Your goal: For each line below, return an exact copy.

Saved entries
lemma distr_iso_gauss_inner:
  fixes m w :: "'a::euclidean_space"
  assumes "\<sigma> > 0" and "w \<noteq> 0"
  shows "distr (iso_gauss m \<sigma>) lborel (\<lambda>x. w \<bullet> x) = density lborel (normal_density (w \<bullet> m) (norm w * \<sigma>))"
proof -
  define P where "P = PiM Basis (\<lambda>b. density lborel (normal_density (m \<bullet> b) \<sigma>))"
  \<comment> \<open>\<open>sum_indep_normal\<close> needs positive variances, so coordinates orthogonal to \<open>w\<close> are dropped.\<close>
  define I where "I = {b\<in>Basis. w \<bullet> b \<noteq> 0}"
  have "I \<noteq> {}" using assms(2) euclidean_all_zero_iff by (auto simp: I_def)
  have mean: "(\<Sum>b\<in>I. (w \<bullet> b) * (m \<bullet> b)) = w \<bullet> m"
    unfolding euclidean_inner[of w m] by (rule sum.mono_neutral_left) (auto simp: I_def)
  have "(\<Sum>b\<in>I. (\<bar>w \<bullet> b\<bar> * \<sigma>)\<^sup>2) = (\<Sum>b\<in>Basis. (w \<bullet> b)\<^sup>2) * \<sigma>\<^sup>2"
    by (subst sum.mono_neutral_left[of Basis I]) (auto simp: I_def sum_distrib_right power_mult_distrib)
  also have "\<dots> = (w \<bullet> w) * \<sigma>\<^sup>2"
    by (simp add: euclidean_inner[of w w] power2_eq_square)
  also have "\<dots> = (norm w * \<sigma>)\<^sup>2"
    by (simp add: power2_norm_eq_inner power_mult_distrib)
  finally have sd: "sqrt (\<Sum>b\<in>I. (\<bar>w \<bullet> b\<bar> * \<sigma>)\<^sup>2) = norm w * \<sigma>"
    using assms(1) by simp
  have proj: "w \<bullet> (\<Sum>b\<in>Basis. f b *\<^sub>R b) = (\<Sum>b\<in>I. (w \<bullet> b) * f b)" for f :: "'a \<Rightarrow> real"
  proof -
    have "w \<bullet> (\<Sum>b\<in>Basis. f b *\<^sub>R b) = (\<Sum>b\<in>Basis. (w \<bullet> b) * f b)"
      by (simp add: inner_sum_right mult.commute)
    also have "\<dots> = (\<Sum>b\<in>I. (w \<bullet> b) * f b)"
      by (rule sum.mono_neutral_right) (auto simp: I_def)
    finally show ?thesis .
  qed
  have "distributed P lborel (\<lambda>f. \<Sum>b\<in>I. (w \<bullet> b) * f b) (normal_density (w \<bullet> m) (norm w * \<sigma>))"
    unfolding P_def mean[symmetric] sd[symmetric] using \<open>I \<noteq> {}\<close> assms(1)
    by (intro distributed_PiM_normal_lincomb) (auto simp: I_def)
  moreover have "distr (iso_gauss m \<sigma>) lborel (\<lambda>x. w \<bullet> x) = distr P lborel (\<lambda>f. w \<bullet> (\<Sum>b\<in>Basis. f b *\<^sub>R b))"
    unfolding iso_gauss_eq_distr_PiM[OF assms(1)] P_def by (subst distr_distr) (auto simp: comp_def)
  ultimately show ?thesis
    unfolding proj distributed_def by simp
qed

lemma measure_iso_gauss_inner:
  fixes m w :: "'a::euclidean_space"
  assumes "\<sigma> > 0" and "w \<noteq> 0" and "S \<in> sets borel"
  shows "measure (iso_gauss m \<sigma>) {x. w \<bullet> x \<in> S} = measure (density lborel (normal_density (w \<bullet> m) (norm w * \<sigma>))) S"
proof -
  have "measure (density lborel (normal_density (w \<bullet> m) (norm w * \<sigma>))) S
      = measure (iso_gauss m \<sigma>) ((\<lambda>x. w \<bullet> x) -` S \<inter> space (iso_gauss m \<sigma>))"
    unfolding distr_iso_gauss_inner[OF assms(1,2), symmetric] using assms(3)
    by (intro measure_distr) (simp_all add: iso_gauss_def)
  also have "(\<lambda>x. w \<bullet> x) -` S \<inter> space (iso_gauss m \<sigma>) = {x. w \<bullet> x \<in> S}"
    by (auto simp: iso_gauss_def)
  finally show ?thesis ..
qed

section \<open>The standard normal distribution function\<close>

lemma distr_std_normal_affine:
  assumes "s \<noteq> 0"
  shows "distr (density lborel std_normal_density) lborel (\<lambda>x. \<mu> + s * x) = density lborel (normal_density \<mu> \<bar>s\<bar>)"
proof -
  interpret prob_space "density lborel std_normal_density"
    by (simp add: prob_space_normal_density)
  have "distributed (density lborel std_normal_density) lborel (\<lambda>x. x) std_normal_density"
    by (simp add: distributed_def distr_id2)
  from normal_density_affine[OF this, of s \<mu>] assms show ?thesis
    by (simp add: distributed_def)
qed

Exercise response:
lemma distr_iso_gauss_inner:
  fixes m w :: "'a::euclidean_space"
  assumes "\<sigma> > 0" and "w \<noteq> 0"
  shows "distr (iso_gauss m \<sigma>) lborel (\<lambda>x. w \<bullet> x) = density lborel (normal_density (w \<bullet> m) (norm w * \<sigma>))"
proof -
  define P where "P = PiM Basis (\<lambda>b. density lborel (normal_density (m \<bullet> b) \<sigma>))"
  \<comment> \<open>\<open>sum_indep_normal\<close> needs positive variances, so coordinates orthogonal to \<open>w\<close> are dropped.\<close>
  define I where "I = {b\<in>Basis. w \<bullet> b \<noteq> 0}"
  have "I \<noteq> {}" using assms(2) euclidean_all_zero_iff by (auto simp: I_def)
  have mean: "(\<Sum>b\<in>I. (w \<bullet> b) * (m \<bullet> b)) = w \<bullet> m"
    unfolding euclidean_inner[of w m] by (rule sum.mono_neutral_left) (auto simp: I_def)
  have "(\<Sum>b\<in>I. (\<bar>w \<bullet> b\<bar> * \<sigma>)\<^sup>2) = (\<Sum>b\<in>Basis. (w \<bullet> b)\<^sup>2) * \<sigma>\<^sup>2"
    by (subst sum.mono_neutral_left[of Basis I]) (auto simp: I_def sum_distrib_right power_mult_distrib)
  also have "\<dots> = (w \<bullet> w) * \<sigma>\<^sup>2"
    by (simp add: euclidean_inner[of w w] power2_eq_square)
  also have "\<dots> = (norm w * \<sigma>)\<^sup>2"
    by (simp add: power2_norm_eq_inner power_mult_distrib)
  finally have sd: "sqrt (\<Sum>b\<in>I. (\<bar>w \<bullet> b\<bar> * \<sigma>)\<^sup>2) = norm w * \<sigma>"
    using assms(1) by simp
  have proj: "w \<bullet> (\<Sum>b\<in>Basis. f b *\<^sub>R b) = (\<Sum>b\<in>I. (w \<bullet> b) * f b)" for f :: "'a \<Rightarrow> real"
  proof -
    have "w \<bullet> (\<Sum>b\<in>Basis. f b *\<^sub>R b) = (\<Sum>b\<in>Basis. (w \<bullet> b) * f b)"
      by (simp add: inner_sum_right mult.commute)
    also have "\<dots> = (\<Sum>b\<in>I. (w \<bullet> b) * f b)"
      by (rule sum.mono_neutral_right) (auto simp: I_def)
    finally show ?thesis .
  qed
  have "distributed P lborel (\<lambda>f. \<Sum>b\<in>I. (w \<bullet> b) * f b) (normal_density (w \<bullet> m) (norm w * \<sigma>))"
    unfolding P_def mean[symmetric] sd[symmetric] using \<open>I \<noteq> {}\<close> assms(1)
    by (intro distributed_PiM_normal_lincomb) (auto simp: I_def)
  moreover have "distr (iso_gauss m \<sigma>) lborel (\<lambda>x. w \<bullet> x) = distr P lborel (\<lambda>f. w \<bullet> (\<Sum>b\<in>Basis. f b *\<^sub>R b))"
    unfolding iso_gauss_eq_distr_PiM[OF assms(1)] P_def by (subst distr_distr) (auto simp: comp_def)
  ultimately show ?thesis
    unfolding proj distributed_def by simp
qed

lemma measure_iso_gauss_inner:
  fixes m w :: "'a::euclidean_space"
  assumes "\<sigma> > 0" and "w \<noteq> 0" and "S \<in> sets borel"
  shows "measure (iso_gauss m \<sigma>) {x. w \<bullet> x \<in> S} = measure (density lborel (normal_density (w \<bullet> m) (norm w * \<sigma>))) S"
proof -
  have "measure (density lborel (normal_density (w \<bullet> m) (norm w * \<sigma>))) S
      = measure (iso_gauss m \<sigma>) ((\<lambda>x. w \<bullet> x) -` S \<inter> space (iso_gauss m \<sigma>))"
    unfolding distr_iso_gauss_inner[OF assms(1,2), symmetric] using assms(3)
    by (intro measure_distr) (simp_all add: iso_gauss_def)
  also have "(\<lambda>x. w \<bullet> x) -` S \<inter> space (iso_gauss m \<sigma>) = {x. w \<bullet> x \<in> S}"
    by (auto simp: iso_gauss_def)
  finally show ?thesis ..
qed

section \<open>The standard normal distribution function\<close>

lemma distr_std_normal_affine:
  assumes "s \<noteq> 0"
  shows "distr (density lborel std_normal_density) lborel (\<lambda>x. \<mu> + s * x) = density lborel (normal_density \<mu> \<bar>s\<bar>)"
proof -
  interpret prob_space "density lborel std_normal_density"
    by (simp add: prob_space_normal_density)
  have "distributed (density lborel std_normal_density) lborel (\<lambda>x. x) std_normal_density"
    by (simp add: distributed_def distr_id2)
  from normal_density_affine[OF this, of s \<mu>] assms show ?thesis
    by (simp add: distributed_def)
qed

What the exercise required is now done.